At the regional meet, Reid finished eighth in the 200 meters and fifth in the 4×100, just missing the state cut. Crowder advanced to state in the 4×400 and 4×800 relays, eventually helping those teams finish 19th and 14th respectively in the state meet.

Both said they were happy with the successes but still were disappointed with their times throughout the season, frustrated that they weren’t where they wanted to be or where they were in the 2017 track season.

But they made it back, and though it took some twists and turns, finally, they were out there competing together again.

Next steps

Since shortly after the track season ended, Reid has been playing AAU basketball this summer. She’s feeling mostly confident in her knee, but still isn’t quite where she wants to be. Basketball and track are her main future focus, so she reluctantly left the soccer team to focus on those sports for her upcoming junior year.
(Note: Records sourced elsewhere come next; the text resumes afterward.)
lemma meager_fam_on_if_avoids:
  assumes "block_sequence P" "\<And>n. P n \<subseteq> X" "avoids L P" "\<And>A. A \<in> L \<Longrightarrow> A \<subseteq> X"
  shows "meager_fam_on X L"
  unfolding meager_fam_on_def meager_in_def
proof (intro exI conjI ballI)
  define N where "N m = code ` {A. A \<subseteq> X \<and> (\<forall>n\<ge>m. \<not> P n \<subseteq> A)}" for m
  show "countable (range N)" by simp
  show "nowhere_dense_in (subtopology cantor (code ` Pow X)) M" if "M \<in> range N" for M
    using that nowhere_dense_in_Pow_block_free[OF assms(1,2)] unfolding N_def by blast
  show "code ` L \<subseteq> \<Union>(range N)"
  proof
    fix c assume "c \<in> code ` L"
    then obtain A where A: "A \<in> L" "c = code A" by blast
    then obtain b where "{n. P n \<subseteq> A} \<subseteq> {..<b}"
      using assms(3) finite_nat_bounded unfolding avoids_def by blast
    then have "c \<in> N b"
      unfolding N_def using A assms(4)[OF A(1)] by force
    then show "c \<in> \<Union>(range N)" by blast
  qed
qed

lemma meager_fam_if_avoids:
  assumes "block_sequence P" "avoids L P"
  shows "meager_fam L"
proof -
  have "meager_fam_on UNIV L"
    using meager_fam_on_if_avoids[OF assms(1) _ assms(2)] by blast
  moreover have "code ` Pow UNIV = topspace cantor"
    using range_code by simp
  ultimately show ?thesis
    unfolding meager_fam_on_def meager_fam_def by (metis subtopology_topspace)
qed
Crowder was named a team captain for her senior year of soccer and also has picked up cross-country for a second fall sport.

After supporting one another through such similar-yet-different experiences, the two plan to team up again next spring for what they hope is a big season for the Dragons track team.

“I don’t know if I could be as strong by myself,” Crowder said. “It was cool to have that support system. It was nice to know that someone else knew exactly what I was feeling.”

“We were actually planning before our surgeries that we were going to stay on bed rest together and have sleepovers together,” Reid added. “It was definitely reassuring knowing that one of my best friends knows what I’m going through mentally and physically. It was just emotionally good for us to have each other.”